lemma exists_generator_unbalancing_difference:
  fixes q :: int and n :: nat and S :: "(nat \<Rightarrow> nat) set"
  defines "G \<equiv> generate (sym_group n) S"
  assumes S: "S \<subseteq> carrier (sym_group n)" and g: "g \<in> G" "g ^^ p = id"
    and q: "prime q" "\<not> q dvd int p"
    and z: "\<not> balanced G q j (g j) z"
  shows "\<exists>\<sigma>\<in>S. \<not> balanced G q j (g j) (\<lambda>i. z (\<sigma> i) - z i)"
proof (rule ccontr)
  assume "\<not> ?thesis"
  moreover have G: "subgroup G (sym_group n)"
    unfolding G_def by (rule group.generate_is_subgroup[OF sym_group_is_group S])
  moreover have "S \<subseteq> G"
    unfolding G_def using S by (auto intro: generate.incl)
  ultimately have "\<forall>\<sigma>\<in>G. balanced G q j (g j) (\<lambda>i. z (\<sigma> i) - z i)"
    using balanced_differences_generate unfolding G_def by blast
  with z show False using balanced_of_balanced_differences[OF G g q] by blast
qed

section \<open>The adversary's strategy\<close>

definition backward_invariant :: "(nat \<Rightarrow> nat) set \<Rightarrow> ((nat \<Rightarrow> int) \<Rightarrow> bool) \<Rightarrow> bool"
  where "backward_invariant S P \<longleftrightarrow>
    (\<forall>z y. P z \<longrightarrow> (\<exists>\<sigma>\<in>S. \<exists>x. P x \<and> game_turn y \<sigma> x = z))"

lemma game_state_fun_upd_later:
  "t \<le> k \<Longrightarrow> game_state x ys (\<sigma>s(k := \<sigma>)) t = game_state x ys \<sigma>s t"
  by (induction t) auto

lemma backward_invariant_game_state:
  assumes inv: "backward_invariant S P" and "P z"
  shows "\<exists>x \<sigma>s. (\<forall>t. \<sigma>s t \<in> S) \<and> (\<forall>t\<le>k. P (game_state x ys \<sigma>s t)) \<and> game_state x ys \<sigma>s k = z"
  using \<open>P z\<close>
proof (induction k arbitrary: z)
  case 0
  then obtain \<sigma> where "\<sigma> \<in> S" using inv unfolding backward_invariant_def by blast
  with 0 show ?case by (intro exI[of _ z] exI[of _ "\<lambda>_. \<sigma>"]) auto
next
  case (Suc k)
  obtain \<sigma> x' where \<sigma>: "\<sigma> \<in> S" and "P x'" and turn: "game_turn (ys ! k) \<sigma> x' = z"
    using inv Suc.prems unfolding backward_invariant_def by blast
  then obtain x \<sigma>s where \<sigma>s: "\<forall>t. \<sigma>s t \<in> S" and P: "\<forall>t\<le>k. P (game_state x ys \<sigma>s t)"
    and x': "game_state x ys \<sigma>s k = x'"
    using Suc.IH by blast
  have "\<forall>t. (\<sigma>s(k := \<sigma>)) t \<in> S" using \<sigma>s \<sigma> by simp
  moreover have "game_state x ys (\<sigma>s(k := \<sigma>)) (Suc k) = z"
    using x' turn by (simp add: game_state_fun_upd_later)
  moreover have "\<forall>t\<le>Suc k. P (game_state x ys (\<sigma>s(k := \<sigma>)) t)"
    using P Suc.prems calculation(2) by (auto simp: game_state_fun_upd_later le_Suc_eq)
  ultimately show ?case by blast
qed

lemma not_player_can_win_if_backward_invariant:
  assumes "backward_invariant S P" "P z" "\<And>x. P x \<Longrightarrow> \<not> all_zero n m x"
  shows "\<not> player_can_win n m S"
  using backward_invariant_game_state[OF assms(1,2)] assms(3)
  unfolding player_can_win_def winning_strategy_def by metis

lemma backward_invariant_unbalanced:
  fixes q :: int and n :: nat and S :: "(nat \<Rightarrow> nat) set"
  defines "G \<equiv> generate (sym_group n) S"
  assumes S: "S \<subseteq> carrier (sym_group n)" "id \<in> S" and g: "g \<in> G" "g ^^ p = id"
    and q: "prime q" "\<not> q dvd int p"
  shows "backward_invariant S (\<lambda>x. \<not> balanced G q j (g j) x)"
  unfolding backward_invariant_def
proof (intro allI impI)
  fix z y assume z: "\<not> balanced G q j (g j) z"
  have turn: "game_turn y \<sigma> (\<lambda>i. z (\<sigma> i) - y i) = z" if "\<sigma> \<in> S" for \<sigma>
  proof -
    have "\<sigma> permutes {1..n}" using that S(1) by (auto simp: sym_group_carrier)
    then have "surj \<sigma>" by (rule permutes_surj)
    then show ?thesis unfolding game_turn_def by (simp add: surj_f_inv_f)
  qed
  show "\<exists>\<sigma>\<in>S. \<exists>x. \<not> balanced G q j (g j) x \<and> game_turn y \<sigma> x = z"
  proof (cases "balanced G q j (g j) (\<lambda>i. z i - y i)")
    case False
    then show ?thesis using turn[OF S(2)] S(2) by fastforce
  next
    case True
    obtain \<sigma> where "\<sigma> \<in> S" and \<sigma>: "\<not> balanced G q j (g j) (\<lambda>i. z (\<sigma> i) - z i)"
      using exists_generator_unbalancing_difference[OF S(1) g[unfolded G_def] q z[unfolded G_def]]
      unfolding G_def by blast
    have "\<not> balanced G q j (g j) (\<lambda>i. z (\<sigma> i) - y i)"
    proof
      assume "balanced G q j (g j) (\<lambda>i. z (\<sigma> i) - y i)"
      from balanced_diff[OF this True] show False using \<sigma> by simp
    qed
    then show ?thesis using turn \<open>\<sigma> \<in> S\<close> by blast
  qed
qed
---
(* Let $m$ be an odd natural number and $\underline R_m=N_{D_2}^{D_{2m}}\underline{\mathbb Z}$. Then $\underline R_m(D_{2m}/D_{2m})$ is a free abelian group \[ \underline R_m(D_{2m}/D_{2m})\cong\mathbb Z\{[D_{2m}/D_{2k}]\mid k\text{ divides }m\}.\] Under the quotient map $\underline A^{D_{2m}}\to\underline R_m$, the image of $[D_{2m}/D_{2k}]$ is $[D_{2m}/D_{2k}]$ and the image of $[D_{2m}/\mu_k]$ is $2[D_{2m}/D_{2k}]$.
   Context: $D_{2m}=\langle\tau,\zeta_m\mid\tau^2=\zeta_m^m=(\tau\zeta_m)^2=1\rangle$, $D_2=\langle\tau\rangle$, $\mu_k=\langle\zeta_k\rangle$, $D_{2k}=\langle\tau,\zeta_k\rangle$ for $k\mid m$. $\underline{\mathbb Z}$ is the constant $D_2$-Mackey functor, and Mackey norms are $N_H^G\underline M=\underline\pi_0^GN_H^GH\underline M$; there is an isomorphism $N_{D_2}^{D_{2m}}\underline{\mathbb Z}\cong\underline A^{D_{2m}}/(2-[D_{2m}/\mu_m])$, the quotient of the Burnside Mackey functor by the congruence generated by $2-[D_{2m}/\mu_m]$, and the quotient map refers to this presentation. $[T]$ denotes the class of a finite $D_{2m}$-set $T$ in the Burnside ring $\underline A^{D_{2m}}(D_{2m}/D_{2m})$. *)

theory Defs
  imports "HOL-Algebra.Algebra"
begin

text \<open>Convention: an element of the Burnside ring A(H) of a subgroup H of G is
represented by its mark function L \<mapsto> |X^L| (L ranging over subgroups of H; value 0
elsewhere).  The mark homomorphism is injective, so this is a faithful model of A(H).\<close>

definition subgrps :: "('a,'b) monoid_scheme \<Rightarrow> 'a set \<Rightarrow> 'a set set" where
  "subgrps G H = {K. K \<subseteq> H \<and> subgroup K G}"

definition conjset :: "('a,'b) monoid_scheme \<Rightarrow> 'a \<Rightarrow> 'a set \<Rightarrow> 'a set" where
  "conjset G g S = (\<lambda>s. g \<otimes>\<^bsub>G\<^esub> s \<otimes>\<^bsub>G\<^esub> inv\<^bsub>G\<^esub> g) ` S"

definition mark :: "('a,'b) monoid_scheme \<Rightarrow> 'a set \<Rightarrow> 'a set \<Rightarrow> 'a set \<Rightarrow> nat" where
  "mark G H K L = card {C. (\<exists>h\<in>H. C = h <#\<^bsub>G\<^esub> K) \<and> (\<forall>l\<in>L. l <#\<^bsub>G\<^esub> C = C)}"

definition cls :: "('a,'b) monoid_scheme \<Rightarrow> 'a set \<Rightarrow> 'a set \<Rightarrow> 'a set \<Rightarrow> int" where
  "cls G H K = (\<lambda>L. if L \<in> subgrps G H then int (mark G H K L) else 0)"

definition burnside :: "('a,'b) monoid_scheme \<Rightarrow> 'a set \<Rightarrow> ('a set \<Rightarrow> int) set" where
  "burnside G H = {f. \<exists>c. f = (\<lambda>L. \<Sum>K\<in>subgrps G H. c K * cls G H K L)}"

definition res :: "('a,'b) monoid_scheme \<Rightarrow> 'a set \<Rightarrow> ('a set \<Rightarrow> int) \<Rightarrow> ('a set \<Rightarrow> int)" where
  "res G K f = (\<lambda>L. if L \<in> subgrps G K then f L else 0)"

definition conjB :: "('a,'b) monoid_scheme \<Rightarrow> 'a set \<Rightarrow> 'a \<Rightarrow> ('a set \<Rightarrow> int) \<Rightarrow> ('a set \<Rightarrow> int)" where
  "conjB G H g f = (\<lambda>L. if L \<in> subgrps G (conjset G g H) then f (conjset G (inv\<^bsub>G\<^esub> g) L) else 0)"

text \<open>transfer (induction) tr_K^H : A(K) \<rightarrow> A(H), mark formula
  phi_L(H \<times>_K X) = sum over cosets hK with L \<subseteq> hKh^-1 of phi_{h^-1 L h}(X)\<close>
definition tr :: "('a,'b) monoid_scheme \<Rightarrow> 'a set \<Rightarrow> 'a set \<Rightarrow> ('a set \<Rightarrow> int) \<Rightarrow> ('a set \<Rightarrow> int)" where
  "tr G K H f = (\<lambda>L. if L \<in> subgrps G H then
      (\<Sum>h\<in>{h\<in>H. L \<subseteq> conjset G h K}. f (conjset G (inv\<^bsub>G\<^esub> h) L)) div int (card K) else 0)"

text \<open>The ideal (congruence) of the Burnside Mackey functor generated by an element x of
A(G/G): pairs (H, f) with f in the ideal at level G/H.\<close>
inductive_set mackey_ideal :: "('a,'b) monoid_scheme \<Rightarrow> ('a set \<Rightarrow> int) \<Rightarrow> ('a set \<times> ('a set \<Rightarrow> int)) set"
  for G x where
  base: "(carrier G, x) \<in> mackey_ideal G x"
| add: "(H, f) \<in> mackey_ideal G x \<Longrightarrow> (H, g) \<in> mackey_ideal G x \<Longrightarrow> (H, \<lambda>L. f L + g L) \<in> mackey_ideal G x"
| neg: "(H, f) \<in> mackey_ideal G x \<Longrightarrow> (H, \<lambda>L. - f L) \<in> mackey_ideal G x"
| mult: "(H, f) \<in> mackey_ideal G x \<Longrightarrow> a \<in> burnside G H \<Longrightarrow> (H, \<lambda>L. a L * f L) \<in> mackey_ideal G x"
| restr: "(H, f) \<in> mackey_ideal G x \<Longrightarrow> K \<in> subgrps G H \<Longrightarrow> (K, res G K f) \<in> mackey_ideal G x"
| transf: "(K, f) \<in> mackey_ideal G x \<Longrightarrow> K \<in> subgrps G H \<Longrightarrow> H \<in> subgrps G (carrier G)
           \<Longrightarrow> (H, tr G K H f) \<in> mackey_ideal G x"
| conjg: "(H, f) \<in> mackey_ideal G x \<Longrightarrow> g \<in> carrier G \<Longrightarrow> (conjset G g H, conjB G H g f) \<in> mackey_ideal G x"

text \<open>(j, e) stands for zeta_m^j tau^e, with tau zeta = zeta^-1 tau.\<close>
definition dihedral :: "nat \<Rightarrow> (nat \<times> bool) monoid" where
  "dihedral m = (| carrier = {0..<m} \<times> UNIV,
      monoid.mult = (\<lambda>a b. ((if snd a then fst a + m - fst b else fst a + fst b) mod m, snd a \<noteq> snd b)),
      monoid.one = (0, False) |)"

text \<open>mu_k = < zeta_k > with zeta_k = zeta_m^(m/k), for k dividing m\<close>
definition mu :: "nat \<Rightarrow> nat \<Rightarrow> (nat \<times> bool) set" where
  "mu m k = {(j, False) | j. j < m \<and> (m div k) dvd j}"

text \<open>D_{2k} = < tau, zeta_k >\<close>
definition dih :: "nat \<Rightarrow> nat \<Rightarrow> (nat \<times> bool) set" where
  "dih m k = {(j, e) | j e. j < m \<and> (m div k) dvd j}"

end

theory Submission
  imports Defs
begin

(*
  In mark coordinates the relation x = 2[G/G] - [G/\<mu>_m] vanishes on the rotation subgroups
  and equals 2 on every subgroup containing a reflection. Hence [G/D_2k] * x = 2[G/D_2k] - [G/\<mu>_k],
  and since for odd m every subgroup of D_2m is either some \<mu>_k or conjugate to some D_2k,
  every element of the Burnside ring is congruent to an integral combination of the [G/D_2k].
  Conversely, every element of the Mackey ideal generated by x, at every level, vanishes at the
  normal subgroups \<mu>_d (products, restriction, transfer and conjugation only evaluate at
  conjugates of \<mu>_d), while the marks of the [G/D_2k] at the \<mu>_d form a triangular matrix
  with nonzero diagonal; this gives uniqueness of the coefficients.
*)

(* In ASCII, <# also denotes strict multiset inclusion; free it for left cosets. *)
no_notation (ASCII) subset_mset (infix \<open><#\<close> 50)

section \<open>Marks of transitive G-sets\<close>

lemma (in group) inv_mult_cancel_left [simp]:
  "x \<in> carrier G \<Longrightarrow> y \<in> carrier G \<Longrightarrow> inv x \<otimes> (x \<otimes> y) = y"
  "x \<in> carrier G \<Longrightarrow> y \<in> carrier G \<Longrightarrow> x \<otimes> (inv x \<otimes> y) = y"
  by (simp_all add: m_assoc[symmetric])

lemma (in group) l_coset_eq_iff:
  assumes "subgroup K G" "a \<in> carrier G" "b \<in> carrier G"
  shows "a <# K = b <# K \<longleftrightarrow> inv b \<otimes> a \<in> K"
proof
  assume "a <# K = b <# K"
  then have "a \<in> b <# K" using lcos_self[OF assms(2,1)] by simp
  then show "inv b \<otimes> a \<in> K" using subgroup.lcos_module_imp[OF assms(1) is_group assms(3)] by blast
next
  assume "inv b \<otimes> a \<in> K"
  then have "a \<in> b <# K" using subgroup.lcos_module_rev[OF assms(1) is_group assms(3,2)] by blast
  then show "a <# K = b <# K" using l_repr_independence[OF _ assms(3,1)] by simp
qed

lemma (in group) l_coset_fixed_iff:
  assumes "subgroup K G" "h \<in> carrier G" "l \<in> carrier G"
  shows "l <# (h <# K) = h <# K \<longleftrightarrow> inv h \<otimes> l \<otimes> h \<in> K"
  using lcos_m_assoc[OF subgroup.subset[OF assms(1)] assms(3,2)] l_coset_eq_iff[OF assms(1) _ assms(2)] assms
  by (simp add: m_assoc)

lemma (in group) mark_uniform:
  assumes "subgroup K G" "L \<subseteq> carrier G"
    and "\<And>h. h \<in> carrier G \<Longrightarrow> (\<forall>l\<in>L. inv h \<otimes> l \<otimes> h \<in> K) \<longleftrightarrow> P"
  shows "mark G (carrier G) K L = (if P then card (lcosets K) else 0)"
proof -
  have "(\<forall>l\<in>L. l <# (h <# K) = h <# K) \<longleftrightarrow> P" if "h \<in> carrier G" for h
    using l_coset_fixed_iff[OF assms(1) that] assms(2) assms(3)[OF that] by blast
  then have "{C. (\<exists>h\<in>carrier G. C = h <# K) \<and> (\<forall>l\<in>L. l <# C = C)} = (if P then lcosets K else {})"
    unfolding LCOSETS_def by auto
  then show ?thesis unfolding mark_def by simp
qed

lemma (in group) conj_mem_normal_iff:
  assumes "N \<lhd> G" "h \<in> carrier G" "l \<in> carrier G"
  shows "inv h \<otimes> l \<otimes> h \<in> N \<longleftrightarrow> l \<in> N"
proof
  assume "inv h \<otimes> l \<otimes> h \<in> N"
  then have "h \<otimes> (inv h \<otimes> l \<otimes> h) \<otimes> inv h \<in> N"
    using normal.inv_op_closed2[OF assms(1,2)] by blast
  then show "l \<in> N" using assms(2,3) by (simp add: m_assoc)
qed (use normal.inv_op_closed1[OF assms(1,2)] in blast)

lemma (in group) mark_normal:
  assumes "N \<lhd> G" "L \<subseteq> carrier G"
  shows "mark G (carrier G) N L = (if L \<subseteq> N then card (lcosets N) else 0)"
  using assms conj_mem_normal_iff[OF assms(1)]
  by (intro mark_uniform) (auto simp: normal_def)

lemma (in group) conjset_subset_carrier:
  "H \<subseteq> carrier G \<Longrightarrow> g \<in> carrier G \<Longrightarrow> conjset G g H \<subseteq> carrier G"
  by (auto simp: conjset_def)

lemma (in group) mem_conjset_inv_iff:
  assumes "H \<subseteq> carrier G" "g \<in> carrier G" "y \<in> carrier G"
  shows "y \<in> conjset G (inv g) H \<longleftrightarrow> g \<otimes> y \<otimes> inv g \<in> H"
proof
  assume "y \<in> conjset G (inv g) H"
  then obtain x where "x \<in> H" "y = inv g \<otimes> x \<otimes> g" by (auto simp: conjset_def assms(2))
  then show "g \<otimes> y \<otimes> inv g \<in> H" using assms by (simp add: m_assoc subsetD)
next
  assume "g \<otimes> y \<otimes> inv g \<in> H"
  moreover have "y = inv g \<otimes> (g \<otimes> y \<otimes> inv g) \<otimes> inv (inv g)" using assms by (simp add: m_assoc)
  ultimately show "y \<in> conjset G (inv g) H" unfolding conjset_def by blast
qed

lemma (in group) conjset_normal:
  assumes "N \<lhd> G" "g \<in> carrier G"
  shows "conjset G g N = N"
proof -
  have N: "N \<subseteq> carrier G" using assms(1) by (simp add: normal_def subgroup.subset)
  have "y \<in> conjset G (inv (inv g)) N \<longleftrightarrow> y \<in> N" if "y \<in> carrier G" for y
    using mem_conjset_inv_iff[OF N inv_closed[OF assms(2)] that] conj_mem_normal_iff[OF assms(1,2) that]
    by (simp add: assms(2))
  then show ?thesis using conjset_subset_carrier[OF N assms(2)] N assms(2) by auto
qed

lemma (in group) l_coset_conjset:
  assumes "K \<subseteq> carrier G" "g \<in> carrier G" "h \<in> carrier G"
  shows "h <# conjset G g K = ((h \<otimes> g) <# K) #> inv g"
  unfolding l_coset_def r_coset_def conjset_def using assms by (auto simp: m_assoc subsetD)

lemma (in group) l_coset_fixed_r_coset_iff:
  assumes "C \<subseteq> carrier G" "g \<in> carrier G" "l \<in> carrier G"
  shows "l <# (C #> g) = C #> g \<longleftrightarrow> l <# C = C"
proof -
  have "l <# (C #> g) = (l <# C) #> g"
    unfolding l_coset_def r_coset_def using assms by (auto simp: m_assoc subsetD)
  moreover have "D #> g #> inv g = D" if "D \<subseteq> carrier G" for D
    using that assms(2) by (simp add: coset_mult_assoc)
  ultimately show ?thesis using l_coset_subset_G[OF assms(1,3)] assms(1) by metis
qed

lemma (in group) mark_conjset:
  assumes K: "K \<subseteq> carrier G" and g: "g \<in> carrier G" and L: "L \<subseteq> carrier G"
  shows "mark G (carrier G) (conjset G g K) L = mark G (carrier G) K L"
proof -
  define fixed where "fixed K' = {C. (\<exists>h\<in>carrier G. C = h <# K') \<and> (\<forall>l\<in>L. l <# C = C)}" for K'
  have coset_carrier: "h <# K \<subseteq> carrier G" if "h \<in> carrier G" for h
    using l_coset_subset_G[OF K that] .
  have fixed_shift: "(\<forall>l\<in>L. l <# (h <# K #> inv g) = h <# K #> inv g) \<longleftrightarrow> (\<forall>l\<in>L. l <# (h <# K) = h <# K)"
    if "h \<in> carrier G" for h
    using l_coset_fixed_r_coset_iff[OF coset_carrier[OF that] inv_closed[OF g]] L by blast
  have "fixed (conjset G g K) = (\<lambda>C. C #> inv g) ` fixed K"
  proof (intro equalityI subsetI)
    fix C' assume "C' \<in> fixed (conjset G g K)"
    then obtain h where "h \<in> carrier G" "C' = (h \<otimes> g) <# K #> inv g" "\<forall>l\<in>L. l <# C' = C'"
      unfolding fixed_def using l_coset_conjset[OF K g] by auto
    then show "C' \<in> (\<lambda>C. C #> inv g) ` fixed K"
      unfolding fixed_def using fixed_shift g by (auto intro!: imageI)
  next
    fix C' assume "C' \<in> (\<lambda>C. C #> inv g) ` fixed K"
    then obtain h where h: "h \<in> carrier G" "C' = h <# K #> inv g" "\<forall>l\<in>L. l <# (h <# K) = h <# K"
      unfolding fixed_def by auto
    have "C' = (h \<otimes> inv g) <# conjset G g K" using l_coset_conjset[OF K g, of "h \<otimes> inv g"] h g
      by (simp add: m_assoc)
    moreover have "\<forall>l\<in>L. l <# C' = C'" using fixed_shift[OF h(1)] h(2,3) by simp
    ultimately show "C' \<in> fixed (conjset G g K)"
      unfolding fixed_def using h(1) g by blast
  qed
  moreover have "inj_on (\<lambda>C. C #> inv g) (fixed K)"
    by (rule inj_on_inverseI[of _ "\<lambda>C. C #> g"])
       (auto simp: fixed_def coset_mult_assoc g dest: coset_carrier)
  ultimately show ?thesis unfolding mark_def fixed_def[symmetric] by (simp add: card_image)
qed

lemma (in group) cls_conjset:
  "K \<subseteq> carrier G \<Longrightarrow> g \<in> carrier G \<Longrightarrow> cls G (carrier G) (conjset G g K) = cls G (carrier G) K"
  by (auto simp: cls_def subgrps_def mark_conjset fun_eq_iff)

- [WORK INSTRUCTIONS]:
Begin at the line above that has "assms by (simp add: m_assoc)" and stop after the line that has "using mem_conjset_inv_iff[OF N", copying each line exactly and adding nothing else.

- [FINAL ANSWER]:
  moreover have "y = inv g \<otimes> (g \<otimes> y \<otimes> inv g) \<otimes> inv (inv g)" using assms by (simp add: m_assoc)
  ultimately show "y \<in> conjset G (inv g) H" unfolding conjset_def by blast
qed

lemma (in group) conjset_normal:
  assumes "N \<lhd> G" "g \<in> carrier G"
  shows "conjset G g N = N"
proof -
  have N: "N \<subseteq> carrier G" using assms(1) by (simp add: normal_def subgroup.subset)
  have "y \<in> conjset G (inv (inv g)) N \<longleftrightarrow> y \<in> N" if "y \<in> carrier G" for y
    using mem_conjset_inv_iff[OF N inv_closed[OF assms(2)] that] conj_mem_normal_iff[OF assms(1,2) that]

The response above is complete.